*** Available data ***

(* Let $(X,d,\mu)$ be a metric measure space satisfying $\mathrm{BG}(k,n)$ with constant $C$ for some $k\in\mathbb{R}$, $n\ge1$, $1\le C<\sqrt2$, let $R>0$ and let $\delta=\delta(k,n,C,R)>0$ be the constant such that for every $r$-cut point $x$ with $0<r\le R$ and every connected component $O$ of $\overline B_r(x)\setminus\{x\}$ one has $\mathrm{diam}(O\cap S_r(x))\le(2-\delta)r$. Let $x_1,x_2,x_3\in X$ be $r$-cut points with $0<r\le R$ (each has degree $2$), labeled so that $x_2,x_3$ lie in the same connected component $O_1'$ of $\overline B_r(x_1)\setminus\{x_1\}$ and $d(x_1,x_2)<d(x_1,x_3)$. For $i=2,3$ let $O_i$ be the connected component of $\overline B_r(x_i)\setminus\{x_i\}$ containing $x_1$ and $O_i'$ the other component. If $d(x_i,x_j)<\delta r/6$ for all $1\le i,j\le3$, then $O_2'\cap O_3'\ne\emptyset$ (that is, $\{x_1,x_2,x_3\}$ stands in a line).
   Context: A metric measure space $(X,d,\mu)$ means a complete, locally compact length space $(X,d)$ equipped with a Borel measure $\mu$. $B_r(x)$ and $\overline B_r(x)$ denote the open and closed balls of radius $r$ about $x$, and $S_r(x)=\{y: d(x,y)=r\}$. For $k\in\mathbb{R}$ let $\mathsf s_k(t)=\sin(\sqrt{k}\,t)/\sqrt{k}$ if $k>0$, $\mathsf s_k(t)=t$ if $k=0$, $\mathsf s_k(t)=\sinh(\sqrt{-k}\,t)/\sqrt{-k}$ if $k<0$. For real $n\ge1$ and $0\le r_1<r_2$ set $V_{k,n}(r_1,r_2)=\alpha_{n-1}\int_{r_1}^{r_2}\mathsf s_k(t)^{n-1}\,dt$ with $\alpha_{n-1}=2\pi^{n/2}/\Gamma(n/2)$. For $x\in X$ let $A_{r_1,r_2}(x)=B_{r_2}(x)\setminus\overline B_{r_1}(x)$ and $A_{0,r}(x)=B_r(x)$. For a measurable $U\subset A_{r_1,r_2}(x)$ and $0\le s_1<s_2$ with $s_1\le r_1$, $s_2\le r_2$, let $S_{s_1,s_2}(x,U)=\{y\in A_{s_1,s_2}(x): d(x,y)+d(y,z)=d(x,z)\text{ for some }z\in U\}$. $(X,d,\mu)$ satisfies $\mathrm{BG}(k,n)$ with constant $C\ge1$ if for every $x\in X$, all $0\le r_1<r_2$, $0\le s_1<s_2$ with $s_1\le r_1$, $s_2\le r_2$, and every measurable $U\subset A_{r_1,r_2}(x)$, one has $\mu(U)/\mu(S_{s_1,s_2}(x,U))\le C\,V_{k,n}(r_1,r_2)/V_{k,n}(s_1,s_2)$. The degree $\deg(x)$ is the supremum, over all connected neighborhoods $U$ of $x$, of the number of connected components of $U\setminus\{x\}$. For $r>0$, a point $x$ is an $r$-cut point if: (i) $\overline B_r(x)\setminus\{x\}$ is disconnected; (ii) the number of connected components of $\overline B_r(x)\setminus\{x\}$ equals $\deg(x)$; (iii) $O\cap S_r(x)\ne\emptyset$ for every connected component $O$ of $\overline B_r(x)\setminus\{x\}$. *)

theory Defs
  imports "HOL-Analysis.Analysis" "HOL-Library.Extended_Nat"
begin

*** End of Available data ***

• Exercise description:
The data above must be reproduced in full, exactly as given.

• Solution to the problem:
(* Let $(X,d,\mu)$ be a metric measure space satisfying $\mathrm{BG}(k,n)$ with constant $C$ for some $k\in\mathbb{R}$, $n\ge1$, $1\le C<\sqrt2$, let $R>0$ and let $\delta=\delta(k,n,C,R)>0$ be the constant such that for every $r$-cut point $x$ with $0<r\le R$ and every connected component $O$ of $\overline B_r(x)\setminus\{x\}$ one has $\mathrm{diam}(O\cap S_r(x))\le(2-\delta)r$. Let $x_1,x_2,x_3\in X$ be $r$-cut points with $0<r\le R$ (each has degree $2$), labeled so that $x_2,x_3$ lie in the same connected component $O_1'$ of $\overline B_r(x_1)\setminus\{x_1\}$ and $d(x_1,x_2)<d(x_1,x_3)$. For $i=2,3$ let $O_i$ be the connected component of $\overline B_r(x_i)\setminus\{x_i\}$ containing $x_1$ and $O_i'$ the other component. If $d(x_i,x_j)<\delta r/6$ for all $1\le i,j\le3$, then $O_2'\cap O_3'\ne\emptyset$ (that is, $\{x_1,x_2,x_3\}$ stands in a line).
   Context: A metric measure space $(X,d,\mu)$ means a complete, locally compact length space $(X,d)$ equipped with a Borel measure $\mu$. $B_r(x)$ and $\overline B_r(x)$ denote the open and closed balls of radius $r$ about $x$, and $S_r(x)=\{y: d(x,y)=r\}$. For $k\in\mathbb{R}$ let $\mathsf s_k(t)=\sin(\sqrt{k}\,t)/\sqrt{k}$ if $k>0$, $\mathsf s_k(t)=t$ if $k=0$, $\mathsf s_k(t)=\sinh(\sqrt{-k}\,t)/\sqrt{-k}$ if $k<0$. For real $n\ge1$ and $0\le r_1<r_2$ set $V_{k,n}(r_1,r_2)=\alpha_{n-1}\int_{r_1}^{r_2}\mathsf s_k(t)^{n-1}\,dt$ with $\alpha_{n-1}=2\pi^{n/2}/\Gamma(n/2)$. For $x\in X$ let $A_{r_1,r_2}(x)=B_{r_2}(x)\setminus\overline B_{r_1}(x)$ and $A_{0,r}(x)=B_r(x)$. For a measurable $U\subset A_{r_1,r_2}(x)$ and $0\le s_1<s_2$ with $s_1\le r_1$, $s_2\le r_2$, let $S_{s_1,s_2}(x,U)=\{y\in A_{s_1,s_2}(x): d(x,y)+d(y,z)=d(x,z)\text{ for some }z\in U\}$. $(X,d,\mu)$ satisfies $\mathrm{BG}(k,n)$ with constant $C\ge1$ if for every $x\in X$, all $0\le r_1<r_2$, $0\le s_1<s_2$ with $s_1\le r_1$, $s_2\le r_2$, and every measurable $U\subset A_{r_1,r_2}(x)$, one has $\mu(U)/\mu(S_{s_1,s_2}(x,U))\le C\,V_{k,n}(r_1,r_2)/V_{k,n}(s_1,s_2)$. The degree $\deg(x)$ is the supremum, over all connected neighborhoods $U$ of $x$, of the number of connected components of $U\setminus\{x\}$. For $r>0$, a point $x$ is an $r$-cut point if: (i) $\overline B_r(x)\setminus\{x\}$ is disconnected; (ii) the number of connected components of $\overline B_r(x)\setminus\{x\}$ equals $\deg(x)$; (iii) $O\cap S_r(x)\ne\emptyset$ for every connected component $O$ of $\overline B_r(x)\setminus\{x\}$. *)

theory Defs
  imports "HOL-Analysis.Analysis" "HOL-Library.Extended_Nat"
begin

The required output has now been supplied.